What was entirely absent was the sort of “genuine, advanced knowledge that a faculty member normally imparts,” Stimpson said. “I believe in faculty who know things. We really do need the informed guidance of a good teacher.”
As MOOCs supplement their celebrity-instructor-delivered content with peer tutoring and some commentators herald online learning as a way to transform the faculty role raises the question, “I have to ask, are you trying to cut costs, or to diminish faculty,” she said. “No learning can exist without teaching, and no teaching can exist unless we maintain the dignity of the profession.”
'I Like the New'
After Stimpson offered what she called her “gloomy, apocalyptic” vision, Kirschner, university dean of CUNY’s MacCaulay Honors College, laid her own prejudices on the table. “I like the new,” she said.
As an online learning pioneer, Kirschner said she was thrilled to see the emergence of massive online courses, which in many ways represented take two on the Fathom project that was ahead of its time.
Kirschner was disappointed by some aspects of the health policy course she took from Coursera, the University of Pennsylvania, and Ezekiel Emanuel, an architect of President Obama’s health care overhaul. She felt like she was “back in the message boards” of the early online learning era, Kirschner said, with little chance for students to converse meaningfully with each other. And unlike Stimpson, she found the peer grading in her MOOC to be not too kind, but too harsh.

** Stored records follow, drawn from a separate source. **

lemma iid_normal_eq_distr_PiM:
  assumes "\<sigma> > 0"
  shows "(iid_normal \<sigma> :: (real^'m) measure)
       = distr (PiM UNIV (\<lambda>_::'m. normal_measure \<sigma>)) borel (\<lambda>x. vec_lambda x)"
proof -
  have [measurable]: "(\<lambda>x. vec_lambda x :: real^'m) \<in> PiM UNIV (\<lambda>_::'m. lborel) \<rightarrow>\<^sub>M borel"
    by (rule measurable_vec_lambda_PiM) simp
  have "(iid_normal \<sigma> :: (real^'m) measure)
      = density (distr (PiM UNIV (\<lambda>_::'m. lborel)) borel (\<lambda>x. vec_lambda x))
          (\<lambda>w::real^'m. ennreal (\<Prod>k\<in>UNIV. normal_density 0 \<sigma> (w $ k)))"
    by (simp only: iid_normal_def lborel_vec_eq_distr_PiM[symmetric])
  also have "\<dots> = distr (density (PiM UNIV (\<lambda>_::'m. lborel))
      (\<lambda>x. ennreal (\<Prod>k\<in>UNIV. normal_density 0 \<sigma> (x k)))) borel (\<lambda>x. vec_lambda x)"
    by (subst density_distr) auto
  also have "density (PiM UNIV (\<lambda>_::'m. lborel)) (\<lambda>x. ennreal (\<Prod>k\<in>UNIV. normal_density 0 \<sigma> (x k)))
      = PiM UNIV (\<lambda>_::'m. normal_measure \<sigma>)"
    using density_PiM_normal_eq_PiM[OF _ assms, of "UNIV::'m set"] by (simp add: prod_ennreal)
  finally show ?thesis .
qed

lemma prob_space_iid_normal: "\<sigma> > 0 \<Longrightarrow> prob_space (iid_normal \<sigma>)"
  by (simp add: iid_normal_eq_distr_PiM prob_space_PiM prob_space_normal_measure
      prob_space.prob_space_distr)

lemma prod_normal_density_eq_exp_norm:
  fixes w :: "real^'m"
  shows "(\<Prod>k\<in>UNIV. normal_density 0 \<sigma> (w $ k))
       = (1 / sqrt (2*pi*\<sigma>\<^sup>2)) ^ CARD('m) * exp (- (norm w)\<^sup>2 / (2*\<sigma>\<^sup>2))"
proof -
  have "(norm w)\<^sup>2 = w \<bullet> w"
    by (simp add: dot_square_norm)
  also have "\<dots> = (\<Sum>k\<in>UNIV. (w $ k)\<^sup>2)"
    by (simp add: inner_vec_def power2_eq_square)
  finally have "(norm w)\<^sup>2 = (\<Sum>k\<in>UNIV. (w $ k)\<^sup>2)" .
  then have sum_eq: "(\<Sum>k\<in>UNIV. - (w $ k)\<^sup>2 / (2*\<sigma>\<^sup>2)) = - (norm w)\<^sup>2 / (2*\<sigma>\<^sup>2)"
    by (simp add: sum_divide_distrib sum_negf)
  have "(\<Prod>k\<in>UNIV. normal_density 0 \<sigma> (w $ k))
      = (\<Prod>k\<in>UNIV. (1 / sqrt (2*pi*\<sigma>\<^sup>2)) * exp (- (w $ k)\<^sup>2 / (2*\<sigma>\<^sup>2)))"
    by (simp add: normal_density_def)
  also have "\<dots> = (1 / sqrt (2*pi*\<sigma>\<^sup>2)) ^ CARD('m) * exp (\<Sum>k\<in>UNIV. - (w $ k)\<^sup>2 / (2*\<sigma>\<^sup>2))"
    by (simp only: prod.distrib prod_constant exp_sum[OF finite_class.finite_UNIV])
  finally show ?thesis
    by (simp only: sum_eq)
qed
(* Consider the weighted-median opinion dynamics on a row-stochastic influence matrix $W$ with node set $V=\{1,\dots,n\}$. For every initial condition $x(0)\in\mathbb R^n$, the solution $x(t)$ almost surely reaches an equilibrium $x^*$ in finite time.
   Context: A matrix $W=(w_{ij})_{n\times n}$ is row-stochastic if $w_{ij}\ge 0$ for all $i,j$ and $\sum_{j=1}^n w_{ij}=1$ for every $i$. A weighted median of $x\in\mathbb R^n$ with respect to row $i$ of $W$ is any $y\in\{x_1,\dots,x_n\}$ satisfying $\sum_{j:\,x_j<y}w_{ij}\le 1/2$ and $\sum_{j:\,x_j>y}w_{ij}\le 1/2$. $\mathrm{Med}_i(x;W)$ denotes this weighted median when it is unique. When it is not unique, $\mathrm{Med}_i(x;W)$ denotes the weighted median closest to $x_i$, which is then uniquely determined. Weighted-median opinion dynamics: given $x(0)\in\mathbb R^n$, at each time step $t+1$ ($t=0,1,2,\dots$) an index $i$ is drawn uniformly at random from $\{1,\dots,n\}$, independently of the past. Then $x_i(t+1)=\mathrm{Med}_i(x(t);W)$ and $x_j(t+1)=x_j(t)$ for $j\ne i$. An equilibrium is a vector $x^*$ with $x^*_i=\mathrm{Med}_i(x^*;W)$ for all $i$. *)

theory Defs
  imports "HOL-Probability.Probability"
begin
(* For every instance $\pi$ of the fully labeled one-dimensional rearrangement problem (LOR), the algorithm OptPlanLOR computes a valid rearrangement plan that has minimum end-effector travel among all valid plans for $\pi$ that use the minimum possible number of pick-n-swaps.
   Context: Setting (LOR). A row of $m$ cells $1,\dots,m$, cell $i$ located at the point $i$ on the real line. Each cell initially holds exactly one item; items carry distinct labels $1,\dots,m$. An instance is a permutation $\pi$ of $\{1,\dots,m\}$, where $\pi_i$ is the label of the item initially in cell $i$; the goal is that item $i$ ends in cell $i$. A robot end-effector can hold at most one item; it starts at cell $1$ holding nothing. A pick-n-swap operation at a cell $p$: if holding nothing, pick up the item in $p$; if holding an item and $p$ contains an item, exchange the two; if holding an item and $p$ is empty, put the held item into $p$. A plan is a sequence $P=(p_0,p_1,\dots,p_N)$ of cells ($p_0=$ cell $1$) visited in order with a pick-n-swap at each of $p_1,\dots,p_N$, followed by a return to $p_{N+1}:=p_0$; it is valid if at the end every item $i$ is in cell $i$ and the end-effector holds nothing. $N$ is its number of pick-n-swaps and $\sum_{i=0}^N|p_i-p_{i+1}|$ its end-effector travel. Cycles: the non-trivial cycles (length $\ge 2$) of $\pi$, where cell $i$ points to cell $\pi_i$ (the goal of the item in cell $i$). For a cycle $c$ let $\min(c),\max(c)$ be its smallest and largest cell; for a set $C$ of cycles, $\min(C)=\min_{c\in C}\min(c)$, $\max(C)=\max_{c\in C}\max(c)$. Cycle groups: start with each cycle as a singleton group and repeatedly replace two groups whose intervals $[\min,\max]$ intersect by their union, until the groups' intervals are pairwise disjoint. OptPlanLOR: process the leftmost group. Within a group $C=\{c_1,c_2,\dots\}$ with $\min(c_1)<\min(c_2)<\dots$, start following cycle $c_1$ from cell $\min(c_1)$ by cycle following (pick the item at the starting cell, repeatedly carry the held item to its goal cell and swap, and close the cycle by placing the last item in the starting cell). When, while following a cycle, the end-effector carrying an item would pass over $\min(c')$ for the next not-yet-started cycle $c'$ of the group, it switches: at cell $\min(c')$ it swaps the carried item into that cell (parking it) and follows $c'$ in the same manner (recursively applying the same switching rule); upon closing $c'$ at $\min(c')$ it picks the parked item back up and resumes the interrupted cycle. When the end-effector reaches $\max(C)$ and there is a group to the right of $C$, it pauses and processes the next group to the right in the same way (recursively), then returns to finish $C$. After all groups are processed the end-effector returns to cell $1$. *)

theory Defs
  imports Main "HOL-Combinatorics.Permutations"
begin

text \<open>Cells are the natural numbers 1..m. An instance is a permutation pi of {1..m};
  pi i is the label of the item initially in cell i, and item i must end in cell i.
  An arrangement maps each cell to its content (None = empty).\<close>

type_synonym arrangement = "nat \<Rightarrow> nat option"

definition init_arr :: "(nat \<Rightarrow> nat) \<Rightarrow> arrangement" where
  "init_arr pi = (\<lambda>i. Some (pi i))"

text \<open>A pick-n-swap at cell p exchanges the content of the end-effector with the content
  of cell p (this covers picking, swapping and placing).\<close>

fun pns :: "arrangement \<times> nat option \<Rightarrow> nat \<Rightarrow> arrangement \<times> nat option" where
  "pns (arr, h) p = (arr(p := h), arr p)"

definition exec_plan :: "(nat \<Rightarrow> nat) \<Rightarrow> nat list \<Rightarrow> arrangement \<times> nat option" where
  "exec_plan pi ps = foldl pns (init_arr pi, None) ps"

text \<open>A plan (p_0 = 1, p_1, ..., p_N) is represented by the list [p_1, ..., p_N] of cells
  where pick-n-swaps are performed; its number of pick-n-swaps is the length of the list.\<close>

definition valid_plan :: "nat \<Rightarrow> (nat \<Rightarrow> nat) \<Rightarrow> nat list \<Rightarrow> bool" where
  "valid_plan m pi ps \<longleftrightarrow>
     set ps \<subseteq> {1..m} \<and>
     snd (exec_plan pi ps) = None \<and>
     (\<forall>i\<in>{1..m}. fst (exec_plan pi ps) i = Some i)"

definition cdist :: "nat \<Rightarrow> nat \<Rightarrow> nat" where
  "cdist a b = max a b - min a b"

fun path_len :: "nat list \<Rightarrow> nat" where
  "path_len (a # b # rest) = cdist a b + path_len (b # rest)"
| "path_len _ = 0"

definition travel :: "nat list \<Rightarrow> nat" where
  "travel ps = path_len (1 # ps @ [1])"

definition cycle_of :: "(nat \<Rightarrow> nat) \<Rightarrow> nat \<Rightarrow> nat set" where
  "cycle_of pi i = {(pi ^^ n) i | n. True}"

definition lor_cycles :: "nat \<Rightarrow> (nat \<Rightarrow> nat) \<Rightarrow> nat set set" where
  "lor_cycles m pi = {cycle_of pi i | i. i \<in> {1..m} \<and> pi i \<noteq> i}"

definition intervals_meet :: "nat set \<Rightarrow> nat set \<Rightarrow> bool" where
  "intervals_meet c d \<longleftrightarrow> max (Min c) (Min d) \<le> min (Max c) (Max d)"

text \<open>Cycle groups: the result of repeatedly merging groups with intersecting intervals
  [min, max], i.e. the connected components of the "intervals intersect" relation
  on the non-trivial cycles.\<close>

definition group_of :: "nat \<Rightarrow> (nat \<Rightarrow> nat) \<Rightarrow> nat set \<Rightarrow> nat set set" where
  "group_of m pi c =
     {d \<in> lor_cycles m pi.
        (c, d) \<in> {(x, y). x \<in> lor_cycles m pi \<and> y \<in> lor_cycles m pi \<and> intervals_meet x y}\<^sup>*}"

text \<open>State: (current position, goal cell of the held item (None = holding nothing),
  minima of the cycles already started, stack of (parking cell, goal of the parked item)).
  A cycle is identified with its minimum cell.\<close>

type_synonym alg_state = "nat \<times> nat option \<times> nat set \<times> (nat \<times> nat) list"

definition strictly_between :: "nat \<Rightarrow> nat \<Rightarrow> nat \<Rightarrow> bool" where
  "strictly_between a x b \<longleftrightarrow> min a b < x \<and> x < max a b"

definition start_cycle :: "(nat \<Rightarrow> nat) \<Rightarrow> nat \<Rightarrow> nat set \<Rightarrow> (nat \<times> nat) list
    \<Rightarrow> nat option \<Rightarrow> nat \<times> alg_state" where
  "start_cycle pi q S stk parked =
     (q, (q, Some (pi q), insert q S,
          (case parked of None \<Rightarrow> stk | Some t \<Rightarrow> (q, t) # stk)))"

text \<open>One step of OptPlanLOR: returns the next cell of the plan and the new state,
  or None when the algorithm has finished (it then returns to cell 1).\<close>

definition opt_step :: "nat \<Rightarrow> (nat \<Rightarrow> nat) \<Rightarrow> alg_state \<Rightarrow> (nat \<times> alg_state) option" where
  "opt_step m pi s =
    (case s of (p, None, S, stk) \<Rightarrow>
        \<comment> \<open>holding nothing: start the leftmost not-yet-started cycle (if any)\<close>
        (let U = {Min c | c. c \<in> lor_cycles m pi \<and> Min c \<notin> S} in
         if U = {} then None else Some (start_cycle pi (Min U) S stk None))
     | (p, Some t, S, stk) \<Rightarrow>
        let Cp = group_of m pi (cycle_of pi p);
            R = {Min c | c. c \<in> lor_cycles m pi \<and> Min c > p};
            Ct = group_of m pi (cycle_of pi t);
            U = {Min c | c. c \<in> Ct \<and> Min c \<notin> S}
        in
        if pi p \<noteq> p \<and> p = Max (\<Union>Cp) \<and> R \<noteq> {} then
          \<comment> \<open>reached max of the current group, and a group lies to the right:
              process the next group (parking the held item at its first cycle's minimum)\<close>
          Some (start_cycle pi (Min R) S stk (Some t))
        else if U \<noteq> {} \<and> strictly_between p (Min U) t then
          \<comment> \<open>would pass over the minimum of the next not-yet-started cycle of the group:
              park the held item there and follow that cycle\<close>
          Some (start_cycle pi (Min U) S stk (Some t))
        else
          \<comment> \<open>carry the held item to its goal cell t and pick-n-swap there\<close>
          Some (t,
            if t = Min (cycle_of pi t) then
              \<comment> \<open>closing a cycle at its minimum: pick back a parked item, if any\<close>
              (case stk of
                 (c, t') # rest \<Rightarrow> if c = t then (t, Some t', S, rest) else (t, None, S, stk)
               | [] \<Rightarrow> (t, None, S, stk))
            else (t, Some (pi t), S, stk)))"

fun opt_run :: "nat \<Rightarrow> nat \<Rightarrow> (nat \<Rightarrow> nat) \<Rightarrow> alg_state \<Rightarrow> nat list" where
  "opt_run 0 m pi s = []"
| "opt_run (Suc n) m pi s =
     (case opt_step m pi s of None \<Rightarrow> [] | Some (v, s') \<Rightarrow> v # opt_run n m pi s')"

text \<open>The plan computed by OptPlanLOR (list of pick-n-swap cells). The algorithm performs
  at most 2m pick-n-swaps, so the fuel 2m+1 is never exhausted.\<close>

definition opt_plan_lor :: "nat \<Rightarrow> (nat \<Rightarrow> nat) \<Rightarrow> nat list" where
  "opt_plan_lor m pi = opt_run (2 * m + 1) m pi (1, None, {}, [])"

end

theory Submission
  imports Defs "HOL-Combinatorics.Orbits"
begin

text \<open>Every misplaced cell must be visited, and its last pick-n-swap drops its own item, which
  was picked up earlier in the same cycle; so the first pick-n-swap in a cycle is never such a
  last one, and a valid plan needs at least one pick-n-swap per misplaced cell plus one per
  cycle. Each pick-n-swap of OptPlanLOR either places an item at its goal or starts a cycle,
  so it uses exactly that many.

  For the travel, count the crossings of each gap between neighbouring cells: a closed tour
  crosses a gap equally often in both directions, so its travel is twice the number of its
  rightward crossings. Every valid plan crosses a gap rightwards at least as often as there are
  items that start left of it and belong right of it, since it carries one item at a time, and
  at least once if some cycle lies entirely to its right. OptPlanLOR moves right only toward
  the goal of the item it carries, or when it enters the next group of cycles (from cell 1, or
  from the maximum of a group already sorted), so it attains the larger of these two bounds at
  every gap. Its travel is therefore minimal even among all valid plans.\<close>

section \<open>Gap crossings\<close>

text \<open>Gap x lies between cells x and x + 1.\<close>

fun up_crossings :: "nat \<Rightarrow> nat list \<Rightarrow> nat" where
  "up_crossings x (a # b # w) = of_bool (a \<le> x \<and> x < b) + up_crossings x (b # w)"
| "up_crossings x _ = 0"

fun down_crossings :: "nat \<Rightarrow> nat list \<Rightarrow> nat" where
  "down_crossings x (a # b # w) = of_bool (b \<le> x \<and> x < a) + down_crossings x (b # w)"
| "down_crossings x _ = 0"

lemma up_crossings_le_snoc: "up_crossings x w \<le> up_crossings x (w @ [b])"
  by (induction x w rule: up_crossings.induct) auto

lemma up_crossings_pos:
  "hd w \<le> x \<Longrightarrow> y \<in> set w \<Longrightarrow> x < y \<Longrightarrow> 0 < up_crossings x w"
  by (induction x w rule: up_crossings.induct) (force simp: not_le)+

lemma up_down_crossings_balance:
  "w \<noteq> [] \<Longrightarrow>
   up_crossings x w + of_bool (last w \<le> x) = down_crossings x w + of_bool (hd w \<le> x)"
  by (induction x w rule: up_crossings.induct) auto

lemma cdist_eq_sum_crossings:
  assumes "a \<in> {1..K}" "b \<in> {1..K}"
  shows "cdist a b = (\<Sum>x\<in>{1..<K}. of_bool (a \<le> x \<and> x < b) + of_bool (b \<le> x \<and> x < a))"
proof -
  have "{1..<K} \<inter> {x. a \<le> x \<and> x < b} = {a..<b}" "{1..<K} \<inter> {x. b \<le> x \<and> x < a} = {b..<a}"
    using assms by auto
  then show ?thesis
    by (simp add: sum.distrib cdist_def max_def min_def)
qed
(* Let $d,m_1,\dots,m_d\in\mathbb N$ and $N=m_1\cdots m_d$. (a) For product weights $\gamma_{\mathfrak u}=\prod_{j\in\mathfrak u}\gamma_j$ (with $\gamma_j\in[0,1]$) and arbitrary real coefficients $\mathcal A(\Gamma_{m_1,\dots,m_d})$, for every $\ell\in[d]$ we have $D^*_{N,\boldsymbol\gamma}(\Gamma_{m_1,\dots,m_d},\mathcal A(\Gamma_{m_1,\dots,m_d}))\ge\frac{\gamma_\ell}{4m_\ell}$. (b) With QMC coefficients, $D^*_N(\Gamma_{m_1,\dots,m_d})=1-\prod_{j=1}^d\left(1-\frac{1}{2m_j}\right)$. (c) With QMC coefficients and arbitrary weights $\gamma_{\mathfrak u}\in[0,1]$ ($\emptyset\ne\mathfrak u\subseteq[d]$), $D^*_{N,\boldsymbol\gamma}(\Gamma_{m_1,\dots,m_d})=\max_{\emptyset\ne\mathfrak u\subseteq[d]}\gamma_{\mathfrak u}\left(1-\prod_{j\in\mathfrak u}\left(1-\frac{1}{2m_j}\right)\right)$ and $D^*_{N,\boldsymbol\gamma}(\Gamma_{m_1,\dots,m_d})\le\max_{\emptyset\ne\mathfrak u\subseteq[d]}\gamma_{\mathfrak u}\sum_{j\in\mathfrak u}\frac{1}{2m_j}$.
   Context: Write $[d]=\{1,\dots,d\}$. The centered regular grid is $\Gamma_{m_1,\dots,m_d}=\{(\frac{2\ell_1+1}{2m_1},\dots,\frac{2\ell_d+1}{2m_d}) : \ell_j\in\{0,\dots,m_j-1\}\}$. For an $N$-point set $\mathcal P_d\subset[0,1)^d$ with real coefficients $\mathcal A(\mathcal P_d)=\{a_{\boldsymbol x}:\boldsymbol x\in\mathcal P_d\}$, the local discrepancy is $\Delta_{\mathcal P_d,\mathcal A(\mathcal P_d)}(\boldsymbol\alpha)=\sum_{\boldsymbol x\in\mathcal P_d}a_{\boldsymbol x}\mathbf 1_{[\boldsymbol 0,\boldsymbol\alpha)}(\boldsymbol x)-\prod_{j=1}^d\alpha_j$ for $\boldsymbol\alpha\in[0,1]^d$, with $[\boldsymbol 0,\boldsymbol\alpha)=[0,\alpha_1)\times\cdots\times[0,\alpha_d)$. The $\boldsymbol\gamma$-weighted star discrepancy is $D^*_{N,\boldsymbol\gamma}(\mathcal P_d,\mathcal A(\mathcal P_d))=\sup_{\boldsymbol\alpha\in[0,1]^d}\max_{\emptyset\ne\mathfrak u\subseteq[d]}\gamma_{\mathfrak u}|\Delta_{\mathcal P_d,\mathcal A(\mathcal P_d)}((\boldsymbol\alpha_{\mathfrak u},\boldsymbol 1))|$, where $(\boldsymbol\alpha_{\mathfrak u},\boldsymbol 1)=(y_1,\dots,y_d)$ with $y_j=\alpha_j$ for $j\in\mathfrak u$ and $y_j=1$ otherwise. QMC coefficients means $a_{\boldsymbol x}=1/N$ for all $\boldsymbol x$; in that case one writes $D^*_{N,\boldsymbol\gamma}(\mathcal P_d)$. The (unweighted) star discrepancy with QMC coefficients is $D^*_N(\mathcal P_d)=\sup_{\boldsymbol\alpha\in[0,1]^d}|\Delta_{\mathcal P_d}(\boldsymbol\alpha)|$ (the case $\gamma_{[d]}=1$, $\gamma_{\mathfrak u}=0$ for $\mathfrak u\subsetneq[d]$). *)

theory Defs
  imports "HOL-Analysis.Analysis"
begin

But the technology will improve (and is already, she noted), and as is true for all types of courses and all modes of instruction in higher education, “all MOOCs are not created equal – some are good and some are bad,” she said.
Kirschner took no issue with Stimpson’s underlying assertion that face-to-face interaction between a learned professor and a group of curious students remains the ideal way for students to learn; she “lived the American dream” upon leaving New York City’s public schools, being educated at some of the country’s best universities, and “I totally believe that a liberal arts education is the best preparation for a career, not for a first job. I’ve done a lot of wacky things” – in addition to founding Fathom, she wrote a memoir of her Holocaust-survivor mother and headed the National Football League’s new media efforts – “and I couldn’t have done any of that without my liberal arts grounding.”
But many of today’s students – especially those from needy backgrounds – “are either not going to college or not finishing” because higher education isn’t giving them what they need where and when and how they want it, she said.
“Face-to-face is almost always magical,” Kirschner said. “It’s wonderful to have lunch with my mother, but she’s in Florida, and sometimes we have to talk by phone. We lose something when we settle for a phone call, but we also gain something. Technology clearly is going to be part of the solution to the access problem.”
Stimpson did not dispute that; “blended education is the future,” she conceded. But in an era of enthusiasm that sometimes seems to verge on fanaticism about the wonders of technology-infused education (“I think of Mickey Rooney and Judy Garland, ‘Let’s put on a MOOC!’ “ Stimpson said to laughs), a note of caution about what might be lost is in order, she said.